Williamson’s ethos is the ‘simple wisdom’ to ‘Wholeheartedly embrace the day | That chronicles this short-lived time on earth’. Perhaps it is only fitting, then, that the suite is followed by a set of more light-hearted interpretations of traditional Christmas music, balancing the grand themes and more experimental idiom of the preceding songs. In A Traditional Christmas Hewitt Jones gives us an orchestral suite consisting of three short medleys of Yuletide favourites in a shimmering score which some may recognise from the Classic FM Christmas playlist. These are followed by Two Seasonal Carols performed by Vivum Singers: ‘Baby in an Ox’s Stall’, with Hewitt Jones’s own lyrics, and ‘Hear the Angels Sing’, where Williamson returns as librettist. The tone of the carols, unashamedly crowd-pleasing and ‘optimistic’ (according to the programme notes), still manages to finish on a note of subtle disquiet. Obscured by the cheerful carolling in ‘Hear the Angels Sing’ are the lines telling of the manger, where ‘watchful lies the Lord of All’, returning us, with a jolt, to the double-edged ‘infant glory infinite’ of ‘Nativity.’

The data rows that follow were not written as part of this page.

lemma word_of_eq_iff:
  assumes "k < (p + 1) ^ n" "l < (p + 1) ^ n"
  shows "word_of p n k = word_of p n l \<longleftrightarrow> k = l"
  using assms
proof (induction n arbitrary: k l)
  case (Suc n)
  have "k div (p + 1) < (p + 1) ^ n" "l div (p + 1) < (p + 1) ^ n"
    using Suc.prems by (auto simp: less_mult_imp_div_less mult.commute)
  with Suc.IH have "word_of p (Suc n) k = word_of p (Suc n) l \<longleftrightarrow>
      k mod (p + 1) = l mod (p + 1) \<and> k div (p + 1) = l div (p + 1)"
    by (simp add: word_of_Suc)
  then show ?case by (metis div_mult_mod_eq)
qed simp

fun word_index :: "nat \<Rightarrow> nat list \<Rightarrow> nat" where
  "word_index p [] = 0"
| "word_index p (x # w) = x + (p + 1) * word_index p w"

lemma word_index_less: "set w \<subseteq> {..p} \<Longrightarrow> word_index p w < (p + 1) ^ length w"
proof (induction w)
  case (Cons x w)
  then show ?case using digit_cons_less[of x p "word_index p w" "length w"] by simp
qed simp

lemma word_of_word_index: "set w \<subseteq> {..p} \<Longrightarrow> word_of p (length w) (word_index p w) = w"
proof (induction w)
  case (Cons x w)
  then show ?case using word_of_Cons[of x p "length w" "word_index p w"] by simp
qed (simp add: word_of_def)

lemma length_star_gen [simp]: "length (star_gen i w) = length w"
  by (induction w) auto

lemma set_star_gen: "i \<le> p \<Longrightarrow> set w \<subseteq> {..p} \<Longrightarrow> set (star_gen i w) \<subseteq> {..p}"
  by (induction w) auto

lemma star_gen_eq_iff: "1 \<le> i \<Longrightarrow> star_gen i w = star_gen i v \<longleftrightarrow> w = v"
proof (induction w arbitrary: v)
  case Nil
  then show ?case by (cases v) auto
next
  case (Cons x w)
  then show ?case by (cases v) (auto split: if_splits)
qed

definition gen_index :: "nat \<Rightarrow> nat \<Rightarrow> nat \<Rightarrow> nat \<Rightarrow> nat" where
  "gen_index p n i k = word_index p (star_gen i (word_of p n k))"

lemma word_of_gen_index: "i \<le> p \<Longrightarrow> word_of p n (gen_index p n i k) = star_gen i (word_of p n k)"
  unfolding gen_index_def
  using word_of_word_index[of "star_gen i (word_of p n k)" p] set_star_gen[OF _ set_word_of, of i p n k]
  by simp

lemma gen_index_less: "i \<le> p \<Longrightarrow> gen_index p n i k < (p + 1) ^ n"
  unfolding gen_index_def
  using word_index_less[of "star_gen i (word_of p n k)" p] set_star_gen[OF _ set_word_of, of i p n k]
  by simp

lemma gen_index_eq_iff:
  assumes "1 \<le> i" "i \<le> p" "k < (p + 1) ^ n" "l < (p + 1) ^ n"
  shows "gen_index p n i k = gen_index p n i l \<longleftrightarrow> k = l"
  by (metis assms word_of_gen_index star_gen_eq_iff word_of_eq_iff)

lemma dim_perm_mat [simp]:
  "dim_row (perm_mat p n i) = (p + 1) ^ n" "dim_col (perm_mat p n i) = (p + 1) ^ n"
  by (simp_all add: perm_mat_def)

lemma perm_mat_carrier [simp]: "perm_mat p n i \<in> carrier_mat ((p + 1) ^ n) ((p + 1) ^ n)"
  by (simp add: carrier_matI)

lemma schreier_adj_carrier [simp]: "schreier_adj p n \<in> carrier_mat ((p + 1) ^ n) ((p + 1) ^ n)"
  by (simp add: schreier_adj_def)

lemma perm_mat_eq:
  assumes "i \<le> p" "a < (p + 1) ^ n" "b < (p + 1) ^ n"
  shows "perm_mat p n i $$ (a, b) = (if a = gen_index p n i b then 1 else 0)"
proof -
  have "star_gen i (word_of p n b) = word_of p n a \<longleftrightarrow> a = gen_index p n i b"
    by (metis assms word_of_gen_index word_of_eq_iff gen_index_less)
  then show ?thesis using assms(2,3) by (simp add: perm_mat_def)
qed

lemma perm_mat_Cons:
  assumes "1 \<le> i" "i \<le> p" "x \<le> p" "y \<le> p" "k < (p + 1) ^ n" "l < (p + 1) ^ n"
  shows "perm_mat p (Suc n) i $$ (x + (p + 1) * k, y + (p + 1) * l) =
    (if y = 0 then (if x = i then perm_mat p n i $$ (k, l) else 0)
     else if y = i then (if x = 0 \<and> k = l then 1 else 0)
     else if x = y \<and> k = l then 1 else 0)"
proof -
  have "perm_mat p (Suc n) i $$ (x + (p + 1) * k, y + (p + 1) * l) =
      (if star_gen i (y # word_of p n l) = x # word_of p n k then 1 else 0)"
    using assms digit_cons_less[of x p k n] digit_cons_less[of y p l n]
    by (simp only: perm_mat_def index_mat case_prod_conv word_of_Cons)
  then show ?thesis
    using assms word_of_eq_iff[of l p n k] by (simp add: perm_mat_def)
qed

The aesthetic of the recorded pieces of Incarnation: Music for Christmas as a whole is thus one of a reflective ‘modernism’, if we may ascribe this term loosely to Hewitt Jones’s and Williamson’s engagement with, rather than rejection of, tradition. This modernism might also be the only way to come to grips with the necessary ‘contraction’ of history into its contemporary expression, as the contemporary philosopher Giorgio Agamben suggests (The Time that Remains). In our own age of twice-removed modernity (are we now post-postmodern?), Incarnation is a welcome reminder that the unlooked-for which characterises artistic novelty arises not ex nihilo, ‘out of nothing’, but comes to us by way of variation – a non-identical, typological recapitulation of a theme which will always be new.